The Los Angeles home and automobile insurance company reported a net loss of $17.4 million (-32 cents a share), compared with net income of $79.5 million ($1.45) in the same period a year earlier. Total revenue fell 9 percent to $681 million. Net premiums rose 6 percent to nearly $655 million. In California, the company saw a 24 percent increase in new automobile policy sales.

The company’s operating loss was 17 cents a share, compared with a year-earlier operating profit of 59 cents. Analysts surveyed by Thomson Reuters on average had expected the company to report an operating profit of 25 cents on revenue of more than $695 million.

Mercury General said it saw $28 million of catastrophe losses related to Hurricane Sandy.

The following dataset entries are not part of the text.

lemma prob_binomial_deviation_gt:
  fixes p \<epsilon> b \<delta> :: real
  assumes n: "n > 0" and p: "0 < p" "p < 1"
    and upper: "measure_pmf.prob (binomial_pmf n p) {k. real k \<ge> real n * (p + \<epsilon>)} \<le> b / 2"
    and lower: "measure_pmf.prob (binomial_pmf n (1 - p)) {k. real k \<ge> real n * ((1 - p) + \<epsilon>)} \<le> b / 2"
    and b: "b < \<delta>"
  shows "measure_pmf.prob (binomial_pmf n p) {k. \<bar>real k / real n - p\<bar> < \<epsilon>} > 1 - \<delta>"
proof -
  let ?B = "binomial_pmf n p" and ?A = "{k. \<bar>real k / real n - p\<bar> < \<epsilon>}"
  have "measure_pmf.prob ?B {k. real k \<le> real n * (p - \<epsilon>)}
      = measure_pmf.prob (binomial_pmf n (1 - p)) {k. real k \<ge> real n * ((1 - p) + \<epsilon>)}"
  proof -
    have "{k. real k \<ge> real n - real n * (p - \<epsilon>)} = {k. real k \<ge> real n * ((1 - p) + \<epsilon>)}"
      by (simp add: algebra_simps)
    then show ?thesis using p by (simp add: prob_binomial_le_eq_ge)
  qed
  with lower have lower': "measure_pmf.prob ?B {k. real k \<le> real n * (p - \<epsilon>)} \<le> b / 2" by simp
  have "UNIV - ?A \<subseteq> {k. real k \<ge> real n * (p + \<epsilon>)} \<union> {k. real k \<le> real n * (p - \<epsilon>)}"
  proof
    fix k assume "k \<in> UNIV - ?A"
    then have "real k / real n \<ge> p + \<epsilon> \<or> real k / real n \<le> p - \<epsilon>" by auto
    then show "k \<in> {k. real k \<ge> real n * (p + \<epsilon>)} \<union> {k. real k \<le> real n * (p - \<epsilon>)}"
      using n by (auto simp: le_divide_eq divide_le_eq mult.commute)
  qed
  then have "measure_pmf.prob ?B (UNIV - ?A)
      \<le> measure_pmf.prob ?B ({k. real k \<ge> real n * (p + \<epsilon>)} \<union> {k. real k \<le> real n * (p - \<epsilon>)})"
    by (intro measure_pmf.finite_measure_mono) auto
  also have "\<dots> \<le> measure_pmf.prob ?B {k. real k \<ge> real n * (p + \<epsilon>)}
      + measure_pmf.prob ?B {k. real k \<le> real n * (p - \<epsilon>)}"
    by (rule measure_Un_le) auto
  finally have "measure_pmf.prob ?B (UNIV - ?A) < \<delta>" using upper lower' b by simp
  moreover have "measure_pmf.prob ?B (UNIV - ?A) = 1 - measure_pmf.prob ?B ?A"
    using measure_pmf.prob_compl[of ?A ?B] by simp
  ultimately show ?thesis by simp
qed

lemma delta_bound_imp_lt_one:
  fixes \<epsilon> \<delta> :: real
  assumes eps: "0 < \<epsilon>" "\<epsilon> < 3/4" and delta: "\<delta> < 2 * exp (- (9 * ln 2) / (3 - 4 * \<epsilon>)\<^sup>2)"
  shows "\<delta> < 1"
proof -
  have "(3 - 4 * \<epsilon>)\<^sup>2 < 3\<^sup>2" using eps by (intro power_strict_mono) auto
  then have "ln 2 < 9 * ln 2 / (3 - 4 * \<epsilon>)\<^sup>2" using eps by (simp add: less_divide_eq)
  then have "exp (- (9 * ln 2) / (3 - 4 * \<epsilon>)\<^sup>2) < exp (- ln 2)" by simp
  then show ?thesis using delta by (simp add: exp_minus)
qed

lemma delta_bound_imp_theta_lt_one:
  fixes \<epsilon> \<delta> :: real
  assumes eps: "\<epsilon> < 3/4" and delta: "0 < \<delta>" "\<delta> < 2 * exp (- (9 * ln 2) / (3 - 4 * \<epsilon>)\<^sup>2)"
  shows "4 * \<epsilon> / 3 + sqrt (ln 2 / ln (2 / \<delta>)) < 1"
proof -
  have "ln \<delta> < ln (2 * exp (- (9 * ln 2) / (3 - 4 * \<epsilon>)\<^sup>2))" using delta by simp
  then have big: "9 * ln 2 / (3 - 4 * \<epsilon>)\<^sup>2 < ln (2 / \<delta>)" using delta by (simp add: ln_mult ln_div)
  moreover have "0 < 9 * ln 2 / (3 - 4 * \<epsilon>)\<^sup>2" using eps by simp
  ultimately have "0 < ln (2 / \<delta>)" by linarith
  with big have "ln 2 / ln (2 / \<delta>) < (3 - 4 * \<epsilon>)\<^sup>2 / 9"
    using eps by (simp add: divide_less_eq less_divide_eq mult.commute)
  then have "sqrt (ln 2 / ln (2 / \<delta>)) < sqrt (((3 - 4 * \<epsilon>) / 3)\<^sup>2)"
    by (simp add: power_divide)
  then show ?thesis using eps by simp
qed

lemma sqrt_ln_ratio_balance:
  fixes \<epsilon> \<delta> :: real
  assumes "\<epsilon> \<noteq> 0" and delta: "0 < \<delta>" "\<delta> < 1"
  defines "\<phi> \<equiv> sqrt (ln 2 / ln (2 / \<delta>))"
  shows "2 * \<epsilon>\<^sup>2 * (ln (1 / \<delta>) / (2 * \<epsilon>\<^sup>2)) * \<phi>\<^sup>2 = ln 2 * (1 - \<phi>\<^sup>2)"
proof -
  have L: "ln (1 / \<delta>) > 0" using delta by simp
  have "ln (2 / \<delta>) = ln 2 + ln (1 / \<delta>)" using delta by (simp add: ln_div)
  then have "\<phi>\<^sup>2 = ln 2 / (ln 2 + ln (1 / \<delta>))" unfolding \<phi>_def using L by simp
  moreover have "ln 2 + ln (1 / \<delta>) \<noteq> 0" using L ln_gt_zero[of 2] by linarith
  ultimately show ?thesis using assms(1) by (simp add: field_simps)
qed

lemma exp_hoeffding_lt:
  fixes \<epsilon> \<delta> \<zeta> x :: real
  assumes "0 \<le> \<zeta>" "0 < \<delta>" "\<epsilon> \<noteq> 0" and x: "ln ((1 + \<zeta>) / \<delta>) / (2 * \<epsilon>\<^sup>2) < x"
  shows "exp (- 2 * x * \<epsilon>\<^sup>2) * (1 + \<zeta>) < \<delta>"
proof -
  have "ln (1 + \<zeta>) - ln \<delta> < 2 * \<epsilon>\<^sup>2 * x"
    using x assms by (simp add: divide_less_eq mult.commute ln_div)
  then have "exp (ln (1 + \<zeta>) - 2 * x * \<epsilon>\<^sup>2) < exp (ln \<delta>)" by (simp add: algebra_simps)
  then show ?thesis using assms by (simp add: exp_diff exp_minus field_simps)
qed

theorem theorem4:
  fixes C\<^sub>B\<^sub>E \<epsilon> \<delta> p :: real and n :: nat
  assumes BE: "berry_esseen_const C\<^sub>B\<^sub>E"
    and eps: "0 < \<epsilon>" "\<epsilon> < 3/4"
    and delta: "0 < \<delta>" "\<delta> < 2 * exp (- (9 * ln 2) / (3 - 4 * \<epsilon>)\<^sup>2)"
    and p: "0 < p" "p < 1"
    and n: "real n > 1 / (2 * \<epsilon>\<^sup>2) *
              ln ((1 + 4 * C\<^sub>B\<^sub>E / sqrt ((1 - (4 * \<epsilon> / 3 + sqrt (ln 2 / ln (2 / \<delta>)))\<^sup>2)
                                       * (ln (1 / \<delta>) / (2 * \<epsilon>\<^sup>2)))) / \<delta>)"
  shows "measure_pmf.prob (binomial_pmf n p) {k. \<bar>real k / real n - p\<bar> < \<epsilon>} > 1 - \<delta>"
proof -
  define \<phi> where "\<phi> = sqrt (ln 2 / ln (2 / \<delta>))"
  define m where "m = ln (1 / \<delta>) / (2 * \<epsilon>\<^sup>2)"
  define \<zeta> where "\<zeta> = 4 * C\<^sub>B\<^sub>E / sqrt ((1 - (4 * \<epsilon> / 3 + \<phi>)\<^sup>2) * m)"
  have "\<delta> < 1" using delta_bound_imp_lt_one eps delta by blast
  then have m_pos: "0 < m" and balance: "2 * \<epsilon>\<^sup>2 * m * \<phi>\<^sup>2 = ln 2 * (1 - \<phi>\<^sup>2)"
    using eps delta sqrt_ln_ratio_balance[of \<epsilon> \<delta>] by (simp_all add: m_def \<phi>_def)
  have "0 < ln (2 / \<delta>)" using \<open>\<delta> < 1\<close> delta by simp
  then have phi: "0 \<le> \<phi>" "4 * \<epsilon> / 3 + \<phi> < 1"
    using delta_bound_imp_theta_lt_one[OF eps(2) delta] by (simp_all add: \<phi>_def)
  then have "(4 * \<epsilon> / 3 + \<phi>)\<^sup>2 < 1" using eps by (simp add: abs_square_less_1)
  then have \<zeta>: "0 \<le> \<zeta>"
    unfolding \<zeta>_def using berry_esseen_const_nonneg[OF BE] m_pos by (intro divide_nonneg_nonneg) auto
  have n_gt: "ln ((1 + \<zeta>) / \<delta>) / (2 * \<epsilon>\<^sup>2) < real n"
    using n by (simp add: \<zeta>_def \<phi>_def m_def)
  have "m \<le> ln ((1 + \<zeta>) / \<delta>) / (2 * \<epsilon>\<^sup>2)"
    unfolding m_def using \<zeta> delta by (intro divide_right_mono) (auto simp: divide_right_mono)
  with n_gt have m_le: "m \<le> real n" by linarith
  have tail: "measure_pmf.prob (binomial_pmf n q) {k. real k \<ge> real n * (q + \<epsilon>)}
      \<le> exp (- 2 * real n * \<epsilon>\<^sup>2) * (1 + \<zeta>) / 2" if "0 < q" "q < 1" for q
    unfolding \<zeta>_def using BE that eps phi m_pos m_le balance by (intro binomial_upper_tail_le)
  have "exp (- 2 * real n * \<epsilon>\<^sup>2) * (1 + \<zeta>) < \<delta>"
    using \<zeta> delta eps n_gt by (intro exp_hoeffding_lt) auto
  moreover have "n > 0" using m_pos m_le by simp
  ultimately show ?thesis
    using p tail[of p] tail[of "1 - p"] by (intro prob_binomial_deviation_gt) auto
qed
end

Those losses mostly came from the homeowner claims in New York; but auto claims in New Jersey and New York accounted for $6 million of losses. The company said that it historically sees more claims in California in the fourth quarter because of severe weather and increased driving, but did not detail how much worse the 2012 quarter was from the previous year.

The company last month began consolidating its operations outside of California into hubs in Florida, New Jersey, and Texas, a process expected to be finished in the second quarter. Chief Executive Gabe Tirador said Mercury General expects $8 million to $13 million in pre-tax charges in the current quarter related to the restructuring.

“We believe that the hub structure will lead to improved efficiencies and better position the company for future growth,” said Tirador, who expects annual recurring pre-tax savings of about $13 million.

Shares closed down $2.36, or 6 percent, to $37.88 on the New York Stock Exchange.